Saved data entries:
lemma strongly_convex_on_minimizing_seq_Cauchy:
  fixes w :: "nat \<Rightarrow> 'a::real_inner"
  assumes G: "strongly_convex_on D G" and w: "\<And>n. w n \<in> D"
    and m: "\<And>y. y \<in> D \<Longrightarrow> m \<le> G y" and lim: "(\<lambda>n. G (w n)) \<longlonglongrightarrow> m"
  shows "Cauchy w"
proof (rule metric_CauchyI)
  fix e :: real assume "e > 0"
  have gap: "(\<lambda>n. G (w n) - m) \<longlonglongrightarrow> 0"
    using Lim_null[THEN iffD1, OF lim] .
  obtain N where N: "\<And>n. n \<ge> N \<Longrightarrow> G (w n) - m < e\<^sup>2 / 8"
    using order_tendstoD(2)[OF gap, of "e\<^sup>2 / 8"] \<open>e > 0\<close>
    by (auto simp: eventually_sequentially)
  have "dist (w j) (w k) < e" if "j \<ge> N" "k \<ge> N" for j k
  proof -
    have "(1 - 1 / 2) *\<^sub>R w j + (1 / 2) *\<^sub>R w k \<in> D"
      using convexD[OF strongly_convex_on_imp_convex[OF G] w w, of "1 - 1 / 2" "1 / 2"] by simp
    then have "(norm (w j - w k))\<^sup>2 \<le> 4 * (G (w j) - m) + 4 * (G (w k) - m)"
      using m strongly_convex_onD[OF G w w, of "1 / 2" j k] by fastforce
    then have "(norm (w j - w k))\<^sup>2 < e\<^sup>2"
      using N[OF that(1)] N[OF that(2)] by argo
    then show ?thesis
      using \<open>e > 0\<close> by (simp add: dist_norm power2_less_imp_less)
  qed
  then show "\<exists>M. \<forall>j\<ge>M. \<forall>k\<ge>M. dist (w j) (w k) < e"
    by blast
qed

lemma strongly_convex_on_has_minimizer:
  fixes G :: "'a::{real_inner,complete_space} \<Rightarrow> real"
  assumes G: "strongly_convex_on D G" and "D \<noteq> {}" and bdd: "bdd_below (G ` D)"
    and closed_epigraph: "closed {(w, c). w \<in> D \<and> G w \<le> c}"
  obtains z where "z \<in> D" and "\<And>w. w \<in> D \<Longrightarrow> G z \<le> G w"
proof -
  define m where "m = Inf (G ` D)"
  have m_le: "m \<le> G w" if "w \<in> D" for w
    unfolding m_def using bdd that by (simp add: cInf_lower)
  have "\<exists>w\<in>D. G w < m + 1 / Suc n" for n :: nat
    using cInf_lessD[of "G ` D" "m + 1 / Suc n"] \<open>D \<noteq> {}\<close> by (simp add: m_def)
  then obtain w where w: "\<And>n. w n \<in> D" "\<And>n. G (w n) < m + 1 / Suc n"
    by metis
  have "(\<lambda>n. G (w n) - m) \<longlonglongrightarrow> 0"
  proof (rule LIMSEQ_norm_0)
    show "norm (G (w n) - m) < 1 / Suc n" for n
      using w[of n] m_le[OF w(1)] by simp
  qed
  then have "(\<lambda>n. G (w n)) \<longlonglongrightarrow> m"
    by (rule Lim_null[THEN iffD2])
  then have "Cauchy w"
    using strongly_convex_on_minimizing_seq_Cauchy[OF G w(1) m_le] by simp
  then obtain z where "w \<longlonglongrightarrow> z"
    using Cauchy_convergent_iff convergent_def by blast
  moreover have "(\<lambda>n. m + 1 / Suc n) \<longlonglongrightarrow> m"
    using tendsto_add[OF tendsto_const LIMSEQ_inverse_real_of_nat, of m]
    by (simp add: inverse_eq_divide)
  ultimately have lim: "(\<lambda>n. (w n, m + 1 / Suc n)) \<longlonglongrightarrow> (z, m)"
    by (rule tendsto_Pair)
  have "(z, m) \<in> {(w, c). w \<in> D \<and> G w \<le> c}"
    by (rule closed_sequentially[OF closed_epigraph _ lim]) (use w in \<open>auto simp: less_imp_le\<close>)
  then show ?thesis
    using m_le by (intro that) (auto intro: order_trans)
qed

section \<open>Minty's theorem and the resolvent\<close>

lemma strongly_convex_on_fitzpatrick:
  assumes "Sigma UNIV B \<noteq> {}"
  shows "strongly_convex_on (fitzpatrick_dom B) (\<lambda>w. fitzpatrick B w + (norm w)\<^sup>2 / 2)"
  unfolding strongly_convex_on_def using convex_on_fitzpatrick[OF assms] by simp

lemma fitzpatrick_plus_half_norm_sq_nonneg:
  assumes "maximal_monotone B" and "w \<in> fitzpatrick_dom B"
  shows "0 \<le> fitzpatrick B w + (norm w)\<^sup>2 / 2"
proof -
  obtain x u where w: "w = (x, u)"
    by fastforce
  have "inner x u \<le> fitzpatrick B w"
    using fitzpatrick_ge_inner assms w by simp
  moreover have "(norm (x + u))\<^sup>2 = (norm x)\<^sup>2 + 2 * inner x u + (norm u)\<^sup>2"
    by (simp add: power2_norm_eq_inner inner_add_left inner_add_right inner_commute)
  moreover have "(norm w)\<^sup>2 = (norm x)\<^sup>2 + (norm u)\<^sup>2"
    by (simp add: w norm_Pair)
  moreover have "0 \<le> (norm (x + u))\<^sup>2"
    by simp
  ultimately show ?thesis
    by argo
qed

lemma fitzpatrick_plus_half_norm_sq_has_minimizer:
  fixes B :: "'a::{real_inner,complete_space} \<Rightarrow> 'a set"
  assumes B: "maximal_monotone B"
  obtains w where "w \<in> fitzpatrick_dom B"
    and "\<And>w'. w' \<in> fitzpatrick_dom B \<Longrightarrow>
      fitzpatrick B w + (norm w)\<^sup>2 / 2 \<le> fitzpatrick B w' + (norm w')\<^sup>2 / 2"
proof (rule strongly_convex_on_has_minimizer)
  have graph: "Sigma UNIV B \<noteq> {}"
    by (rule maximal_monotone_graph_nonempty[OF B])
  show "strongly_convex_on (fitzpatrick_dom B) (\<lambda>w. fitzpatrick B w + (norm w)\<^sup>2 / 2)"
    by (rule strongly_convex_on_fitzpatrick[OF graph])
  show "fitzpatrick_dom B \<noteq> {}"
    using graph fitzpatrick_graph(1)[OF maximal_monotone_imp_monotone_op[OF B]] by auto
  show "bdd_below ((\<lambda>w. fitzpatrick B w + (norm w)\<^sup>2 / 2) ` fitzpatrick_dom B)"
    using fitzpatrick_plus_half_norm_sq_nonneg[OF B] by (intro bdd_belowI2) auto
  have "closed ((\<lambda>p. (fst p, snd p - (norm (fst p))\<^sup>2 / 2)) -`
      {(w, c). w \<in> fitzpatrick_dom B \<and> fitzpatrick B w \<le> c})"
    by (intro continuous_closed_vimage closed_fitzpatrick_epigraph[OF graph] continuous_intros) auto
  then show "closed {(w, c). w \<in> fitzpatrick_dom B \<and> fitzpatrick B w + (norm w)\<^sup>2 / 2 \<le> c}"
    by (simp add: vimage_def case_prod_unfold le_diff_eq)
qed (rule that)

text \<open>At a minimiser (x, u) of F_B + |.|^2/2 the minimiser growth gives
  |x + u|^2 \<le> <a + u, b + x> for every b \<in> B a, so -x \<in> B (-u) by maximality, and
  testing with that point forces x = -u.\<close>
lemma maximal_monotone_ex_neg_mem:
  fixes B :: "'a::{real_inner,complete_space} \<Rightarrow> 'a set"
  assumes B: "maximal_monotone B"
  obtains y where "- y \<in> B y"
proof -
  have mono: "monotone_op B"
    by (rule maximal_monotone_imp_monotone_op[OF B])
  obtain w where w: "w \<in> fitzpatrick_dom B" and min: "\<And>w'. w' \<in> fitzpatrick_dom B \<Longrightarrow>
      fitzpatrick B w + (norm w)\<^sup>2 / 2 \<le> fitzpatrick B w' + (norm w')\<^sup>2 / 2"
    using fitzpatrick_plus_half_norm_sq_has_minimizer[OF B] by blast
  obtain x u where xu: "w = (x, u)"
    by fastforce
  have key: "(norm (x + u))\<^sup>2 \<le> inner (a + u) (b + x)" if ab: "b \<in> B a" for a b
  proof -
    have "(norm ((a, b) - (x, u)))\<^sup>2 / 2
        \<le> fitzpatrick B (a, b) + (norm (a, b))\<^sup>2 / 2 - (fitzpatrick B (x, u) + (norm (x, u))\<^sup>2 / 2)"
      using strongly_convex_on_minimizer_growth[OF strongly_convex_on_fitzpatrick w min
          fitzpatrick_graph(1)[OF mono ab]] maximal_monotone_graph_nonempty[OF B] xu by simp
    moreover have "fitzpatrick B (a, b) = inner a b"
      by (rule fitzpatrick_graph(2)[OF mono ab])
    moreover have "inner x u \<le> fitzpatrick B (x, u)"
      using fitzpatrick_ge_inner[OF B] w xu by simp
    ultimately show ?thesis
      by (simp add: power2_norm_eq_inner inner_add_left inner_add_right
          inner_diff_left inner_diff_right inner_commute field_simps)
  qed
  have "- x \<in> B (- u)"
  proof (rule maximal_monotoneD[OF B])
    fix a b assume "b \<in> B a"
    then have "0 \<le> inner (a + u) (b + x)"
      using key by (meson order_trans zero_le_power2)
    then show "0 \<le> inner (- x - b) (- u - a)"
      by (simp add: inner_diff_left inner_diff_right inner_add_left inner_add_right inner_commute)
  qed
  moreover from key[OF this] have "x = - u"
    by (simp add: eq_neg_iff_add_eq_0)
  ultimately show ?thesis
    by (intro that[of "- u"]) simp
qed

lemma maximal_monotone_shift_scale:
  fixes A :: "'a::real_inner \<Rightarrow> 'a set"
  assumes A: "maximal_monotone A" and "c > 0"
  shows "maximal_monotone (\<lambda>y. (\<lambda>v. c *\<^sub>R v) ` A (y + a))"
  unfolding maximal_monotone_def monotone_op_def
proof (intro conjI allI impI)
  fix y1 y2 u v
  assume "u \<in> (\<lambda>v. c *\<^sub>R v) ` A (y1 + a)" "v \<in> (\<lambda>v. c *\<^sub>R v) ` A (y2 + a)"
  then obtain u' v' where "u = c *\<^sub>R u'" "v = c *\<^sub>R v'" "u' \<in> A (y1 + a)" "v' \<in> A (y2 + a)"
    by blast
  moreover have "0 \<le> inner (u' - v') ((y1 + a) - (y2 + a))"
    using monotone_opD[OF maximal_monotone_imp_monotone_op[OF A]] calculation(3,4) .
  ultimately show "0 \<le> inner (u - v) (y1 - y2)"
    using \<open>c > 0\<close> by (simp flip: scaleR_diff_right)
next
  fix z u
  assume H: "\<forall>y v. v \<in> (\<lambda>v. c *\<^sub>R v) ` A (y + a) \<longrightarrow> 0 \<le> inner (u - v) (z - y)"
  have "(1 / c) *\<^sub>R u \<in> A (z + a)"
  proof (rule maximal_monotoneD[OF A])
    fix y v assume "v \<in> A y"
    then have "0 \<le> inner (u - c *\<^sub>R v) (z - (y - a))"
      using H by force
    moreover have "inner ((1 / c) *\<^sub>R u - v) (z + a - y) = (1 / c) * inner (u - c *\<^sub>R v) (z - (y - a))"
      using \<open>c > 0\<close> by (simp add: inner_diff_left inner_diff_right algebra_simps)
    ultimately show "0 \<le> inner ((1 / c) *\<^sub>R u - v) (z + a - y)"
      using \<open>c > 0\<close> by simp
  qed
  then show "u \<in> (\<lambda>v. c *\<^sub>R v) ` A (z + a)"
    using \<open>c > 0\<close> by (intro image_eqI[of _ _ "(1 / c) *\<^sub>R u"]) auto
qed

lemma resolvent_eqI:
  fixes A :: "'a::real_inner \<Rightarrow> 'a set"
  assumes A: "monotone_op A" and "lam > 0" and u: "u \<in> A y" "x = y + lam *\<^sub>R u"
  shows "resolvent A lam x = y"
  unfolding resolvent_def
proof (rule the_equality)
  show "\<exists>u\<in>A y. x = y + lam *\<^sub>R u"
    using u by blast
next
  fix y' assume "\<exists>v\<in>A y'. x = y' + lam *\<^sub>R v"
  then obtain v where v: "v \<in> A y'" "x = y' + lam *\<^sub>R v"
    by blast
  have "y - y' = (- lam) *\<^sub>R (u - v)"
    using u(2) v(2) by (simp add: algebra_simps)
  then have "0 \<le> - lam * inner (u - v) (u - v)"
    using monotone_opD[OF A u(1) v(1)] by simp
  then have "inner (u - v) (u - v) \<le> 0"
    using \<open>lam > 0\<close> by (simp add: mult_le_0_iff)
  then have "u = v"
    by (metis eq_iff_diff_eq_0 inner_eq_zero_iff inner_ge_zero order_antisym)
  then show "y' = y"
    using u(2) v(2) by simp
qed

What the task requires: Please output exactly the lines between the one holding "obtains z where" and the one holding "using tendsto_add[OF tendsto_const" in the records above, inclusive, and nothing more.

Solution below:
  obtains z where "z \<in> D" and "\<And>w. w \<in> D \<Longrightarrow> G z \<le> G w"
proof -
  define m where "m = Inf (G ` D)"
  have m_le: "m \<le> G w" if "w \<in> D" for w
    unfolding m_def using bdd that by (simp add: cInf_lower)
  have "\<exists>w\<in>D. G w < m + 1 / Suc n" for n :: nat
    using cInf_lessD[of "G ` D" "m + 1 / Suc n"] \<open>D \<noteq> {}\<close> by (simp add: m_def)
  then obtain w where w: "\<And>n. w n \<in> D" "\<And>n. G (w n) < m + 1 / Suc n"
    by metis
  have "(\<lambda>n. G (w n) - m) \<longlonglongrightarrow> 0"
  proof (rule LIMSEQ_norm_0)
    show "norm (G (w n) - m) < 1 / Suc n" for n
      using w[of n] m_le[OF w(1)] by simp
  qed
  then have "(\<lambda>n. G (w n)) \<longlonglongrightarrow> m"
    by (rule Lim_null[THEN iffD2])
  then have "Cauchy w"
    using strongly_convex_on_minimizing_seq_Cauchy[OF G w(1) m_le] by simp
  then obtain z where "w \<longlonglongrightarrow> z"
    using Cauchy_convergent_iff convergent_def by blast
  moreover have "(\<lambda>n. m + 1 / Suc n) \<longlonglongrightarrow> m"
    using tendsto_add[OF tendsto_const LIMSEQ_inverse_real_of_nat, of m]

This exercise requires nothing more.